:: Exercise data ::

lemma AE_zero_if_tail_integrals_zero:
  fixes k :: "real \<Rightarrow> real"
  assumes k: "integrable lebesgue k" and tails: "\<And>x. (\<integral>y. k y * indicator {x<..} y \<partial>lebesgue) = 0"
  shows "AE x in lebesgue. k x = 0"
proof -
  obtain k0 where k0_borel[measurable]: "k0 \<in> borel_measurable lborel" and k_k0_lborel: "AE x in lborel. k x = k0 x"
    using completion_ex_borel_measurable_real k by blast
  have k_k0: "AE x in lebesgue. k x = k0 x" using k_k0_lborel by (rule AE_completion)
  have k0_lebesgue[measurable]: "k0 \<in> borel_measurable lebesgue" by (rule measurable_completion) simp
  have k0: "integrable lborel k0"
    using integrable_cong_AE_imp[OF k k0_lebesgue k_k0] integrable_completion[OF k0_borel] by simp
  have "(\<integral>y. k0 y * indicator {x<..} y \<partial>lborel) = 0" for x
  proof -
    have "(\<integral>y. k0 y * indicator {x<..} y \<partial>lborel) = (\<integral>y. k0 y * indicator {x<..} y \<partial>lebesgue)"
      by (rule integral_completion[symmetric]) measurable
    also have "\<dots> = (\<integral>y. k y * indicator {x<..} y \<partial>lebesgue)"
      using k k_k0 by (intro integral_cong_AE)
        (auto intro!: borel_measurable_times borel_measurable_indicator k0_lebesgue)
    finally show ?thesis using tails by simp
  qed
  then have "AE x in lborel. k0 x = 0" by (rule AE_zero_if_tail_integrals_zero_lborel[OF k0])
  then have "AE x in lebesgue. k0 x = 0" by (rule AE_completion)
  with k_k0 show ?thesis by eventually_elim simp
qed
(* Let $mG_1,\dots,mG_n$ be a finite sequence of canonical misinformation games such that $mG_{i+1}\in\mathcal{AD}(\{mG_i\})$ for all $i\in\{1,\dots,n-1\}$ and $mG_1\in\mathcal{AD}(\{mG_n\})$. Then $mG_i=mG_j$ for all $i,j$.
   Context: A normal-form game is $G=\langle N,S,P\rangle$ with finite players $N$, finite pure strategy sets $S_i$, positions $S=\times_i S_i$, payoffs $P_i:S\to\mathbb{R}$. A misinformation game $mG=\langle G^0,G^1,\dots,G^{|N|}\rangle$ consists of the actual game $G^0$ and subjective games $G^i$; it is canonical if all $G^i=\langle N,S,P^i\rangle$ differ from $G^0$ only in payoffs and in every $G^i$ all players have equally many pure strategies. $NME(mG)$ is the set of profiles $\sigma=(\sigma_1,\dots,\sigma_{|N|})$ such that each $\sigma_i$ is player $i$'s component of some Nash equilibrium of $G^i$. $\chi(\sigma)=\mathrm{supp}(\sigma_1)\times\dots\times\mathrm{supp}(\sigma_{|N|})$. For $\vec v\in S$, $mG_{\vec v}$ is obtained by replacing, in every $P^i$ ($i\ge1$), the payoff vector at position $\vec v$ by $P^0(\vec v)$ (the actual game $G^0$ is unchanged). For a set $M$ of misinformation games, $\mathcal{AD}(M)=\{mG_{\vec u}: mG\in M,\sigma\in NME(mG),\vec u\in\chi(\sigma)\}$. *)

theory Defs
  imports Complex_Main
begin

text \<open>Normal-form games. The set of players is the finite type 'n (N = UNIV).
  A pure strategy profile (position) is a function v :: 'n => 's with v i in S i.\<close>

record ('n, 's) nfgame =
  strats :: "'n \<Rightarrow> 's set"
  payoff :: "'n \<Rightarrow> ('n \<Rightarrow> 's) \<Rightarrow> real"

definition positions :: "('n, 's) nfgame \<Rightarrow> ('n \<Rightarrow> 's) set" where
  "positions G = {v. \<forall>i. v i \<in> strats G i}"

definition wf_game :: "('n::finite, 's) nfgame \<Rightarrow> bool" where
  "wf_game G \<longleftrightarrow> (\<forall>i. finite (strats G i) \<and> strats G i \<noteq> {})"

definition mixed_strategy :: "('n, 's) nfgame \<Rightarrow> 'n \<Rightarrow> ('s \<Rightarrow> real) \<Rightarrow> bool" where
  "mixed_strategy G i s \<longleftrightarrow>
     (\<forall>x. s x \<ge> 0) \<and> (\<forall>x. x \<notin> strats G i \<longrightarrow> s x = 0) \<and> sum s (strats G i) = 1"

definition mixed_profile :: "('n, 's) nfgame \<Rightarrow> ('n \<Rightarrow> 's \<Rightarrow> real) \<Rightarrow> bool" where
  "mixed_profile G \<sigma> \<longleftrightarrow> (\<forall>i. mixed_strategy G i (\<sigma> i))"

definition exp_payoff :: "('n::finite, 's) nfgame \<Rightarrow> 'n \<Rightarrow> ('n \<Rightarrow> 's \<Rightarrow> real) \<Rightarrow> real" where
  "exp_payoff G j \<sigma> = (\<Sum>v\<in>positions G. (\<Prod>k\<in>UNIV. \<sigma> k (v k)) * payoff G j v)"

definition nash_eq :: "('n::finite, 's) nfgame \<Rightarrow> ('n \<Rightarrow> 's \<Rightarrow> real) \<Rightarrow> bool" where
  "nash_eq G \<sigma> \<longleftrightarrow> mixed_profile G \<sigma> \<and>
     (\<forall>j \<tau>. mixed_strategy G j \<tau> \<longrightarrow> exp_payoff G j (\<sigma>(j := \<tau>)) \<le> exp_payoff G j \<sigma>)"

record ('n, 's) mgame =
  actual :: "('n, 's) nfgame"
  subj :: "'n \<Rightarrow> ('n, 's) nfgame"

text \<open>Canonical: every subjective game has the same players (the type 'n) and the same
  strategy sets as the actual game, differing only in payoffs.\<close>
definition canonical :: "('n::finite, 's) mgame \<Rightarrow> bool" where
  "canonical mG \<longleftrightarrow> wf_game (actual mG) \<and> (\<forall>i. strats (subj mG i) = strats (actual mG))"

definition NME :: "('n::finite, 's) mgame \<Rightarrow> ('n \<Rightarrow> 's \<Rightarrow> real) set" where
  "NME mG = {\<sigma>. \<forall>i. \<exists>\<tau>. nash_eq (subj mG i) \<tau> \<and> \<sigma> i = \<tau> i}"

definition supp :: "('s \<Rightarrow> real) \<Rightarrow> 's set" where
  "supp s = {x. s x \<noteq> 0}"

definition chi :: "('n \<Rightarrow> 's \<Rightarrow> real) \<Rightarrow> ('n \<Rightarrow> 's) set" where
  "chi \<sigma> = {v. \<forall>i. v i \<in> supp (\<sigma> i)}"

definition adapt :: "('n, 's) mgame \<Rightarrow> ('n \<Rightarrow> 's) \<Rightarrow> ('n, 's) mgame" where
  "adapt mG v = mG\<lparr>subj := (\<lambda>i. (subj mG i)\<lparr>payoff :=
      (\<lambda>j. (payoff (subj mG i) j)(v := payoff (actual mG) j v))\<rparr>)\<rparr>"

definition AD :: "('n::finite, 's) mgame set \<Rightarrow> ('n, 's) mgame set" where
  "AD M = {adapt mG u | mG \<sigma> u. mG \<in> M \<and> \<sigma> \<in> NME mG \<and> u \<in> chi \<sigma>}"

end

theory Submission
  imports Defs
begin

text \<open>Adapting a misinformation game at a position only removes misinformation, i.e. the
  triples (i, j, v) at which player i's view of j's payoff at v differs from the actual payoff,
  and it changes the game only if it removes some. Along the cycle the set of misinformation
  therefore shrinks weakly and returns to where it started, so it is constant, and then every
  adaptation step leaves its game unchanged. Neither canonicity nor equilibria play a role.\<close>

definition misinformation :: "('n, 's) mgame \<Rightarrow> ('n \<times> 'n \<times> ('n \<Rightarrow> 's)) set" where
  "misinformation m = {(i, j, v). payoff (subj m i) j v \<noteq> payoff (actual m) j v}"

lemma misinformation_adapt:
  "misinformation (adapt m u) = misinformation m - {(i, j, v). v = u}"
  unfolding misinformation_def adapt_def by auto

lemma adapt_eq_selfI:
  assumes "misinformation m \<subseteq> misinformation (adapt m u)"
  shows "adapt m u = m"
proof -
  have "payoff (subj m i) j u = payoff (actual m) j u" for i j
    using assms unfolding misinformation_adapt by (auto simp: misinformation_def)
  then have "(\<lambda>j. (payoff (subj m i) j)(u := payoff (actual m) j u)) = payoff (subj m i)" for i
    by (simp add: fun_upd_idem)
  then show ?thesis
    unfolding adapt_def by simp
qed

lemma AD_singleton_subset: "AD {m} \<subseteq> range (adapt m)"
  unfolding AD_def by auto

lemma misinformation_AD_singleton:
  "m' \<in> AD {m} \<Longrightarrow> misinformation m' \<subseteq> misinformation m"
  using AD_singleton_subset[of m] by (auto simp: misinformation_adapt)

lemma AD_singleton_eqI:
  assumes "m' \<in> AD {m}" and "misinformation m \<subseteq> misinformation m'"
  shows "m' = m"
  using assms AD_singleton_subset adapt_eq_selfI by blast

lemma cyclic_antitone_const:
  fixes f :: "nat \<Rightarrow> 'a::order"
  assumes antitone: "\<forall>k\<in>{1..<n}. f (Suc k) \<le> f k"
    and cycle: "f 1 \<le> f n"
    and k: "k \<in> {1..n}"
  shows "f k = f 1"
proof -
  have mono: "f (Suc k) \<le> f k" if "k \<in> {1..<n}" for k
    using antitone that by blast
  have "f k \<le> f 1"
    by (rule lift_Suc_antimono_le_ivl[where f = f and N = "{1..<n}", OF mono]) (use k in auto)
  moreover have "f n \<le> f k"
    by (rule lift_Suc_antimono_le_ivl[where f = f and N = "{1..<n}", OF mono]) (use k in auto)
  ultimately show ?thesis
    using cycle by order
qed

lemma Suc_eq_chain_const:
  assumes "\<forall>k\<in>{1..<n}. f (Suc k) = f k" and "k \<in> {1..n}"
  shows "f k = f 1"
  using assms
proof (induction k)
  case (Suc k)
  then show ?case
    by (cases "k = 0") auto
qed simp

theorem proposition9:
  fixes mG :: "nat \<Rightarrow> ('n::finite, 's) mgame" and n :: nat
  assumes "n \<ge> 1"
    and "\<forall>i\<in>{1..n}. canonical (mG i)"
    and "\<forall>i\<in>{1..<n}. mG (Suc i) \<in> AD {mG i}"
    and "mG 1 \<in> AD {mG n}"
  shows "\<forall>i\<in>{1..n}. \<forall>j\<in>{1..n}. mG i = mG j"
proof -
  have antitone: "\<forall>k\<in>{1..<n}. misinformation (mG (Suc k)) \<subseteq> misinformation (mG k)"
    using assms(3) misinformation_AD_singleton by blast
  have cycle: "misinformation (mG 1) \<subseteq> misinformation (mG n)"
    using assms(4) by (rule misinformation_AD_singleton)
  have misinformation_const: "misinformation (mG k) = misinformation (mG 1)" if "k \<in> {1..n}" for k
    using cyclic_antitone_const[OF antitone cycle that] .
  have "\<forall>k\<in>{1..<n}. mG (Suc k) = mG k"
  proof
    fix k
    assume k: "k \<in> {1..<n}"
    then have "k \<in> {1..n}" and "Suc k \<in> {1..n}"
      by auto
    then have "misinformation (mG k) = misinformation (mG (Suc k))"
      by (simp only: misinformation_const)
    then show "mG (Suc k) = mG k"
      using k assms(3) by (intro AD_singleton_eqI) auto
  qed
  then have "mG k = mG 1" if "k \<in> {1..n}" for k
    using that by (rule Suc_eq_chain_const)
  then show ?thesis
    by (metis (no_types))
qed

end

:::

Work to be completed | Above this instruction are the records; retype exactly the lines from the one containing "real) \<Rightarrow> 's" up to and including the one containing "('n \<times> 'n".

Task solution |
definition supp :: "('s \<Rightarrow> real) \<Rightarrow> 's set" where
  "supp s = {x. s x \<noteq> 0}"

definition chi :: "('n \<Rightarrow> 's \<Rightarrow> real) \<Rightarrow> ('n \<Rightarrow> 's) set" where
  "chi \<sigma> = {v. \<forall>i. v i \<in> supp (\<sigma> i)}"

definition adapt :: "('n, 's) mgame \<Rightarrow> ('n \<Rightarrow> 's) \<Rightarrow> ('n, 's) mgame" where
  "adapt mG v = mG\<lparr>subj := (\<lambda>i. (subj mG i)\<lparr>payoff :=
      (\<lambda>j. (payoff (subj mG i) j)(v := payoff (actual mG) j v))\<rparr>)\<rparr>"

definition AD :: "('n::finite, 's) mgame set \<Rightarrow> ('n, 's) mgame set" where
  "AD M = {adapt mG u | mG \<sigma> u. mG \<in> M \<and> \<sigma> \<in> NME mG \<and> u \<in> chi \<sigma>}"

end

theory Submission
  imports Defs
begin

text \<open>Adapting a misinformation game at a position only removes misinformation, i.e. the
  triples (i, j, v) at which player i's view of j's payoff at v differs from the actual payoff,
  and it changes the game only if it removes some. Along the cycle the set of misinformation
  therefore shrinks weakly and returns to where it started, so it is constant, and then every
  adaptation step leaves its game unchanged. Neither canonicity nor equilibria play a role.\<close>

definition misinformation :: "('n, 's) mgame \<Rightarrow> ('n \<times> 'n \<times> ('n \<Rightarrow> 's)) set" where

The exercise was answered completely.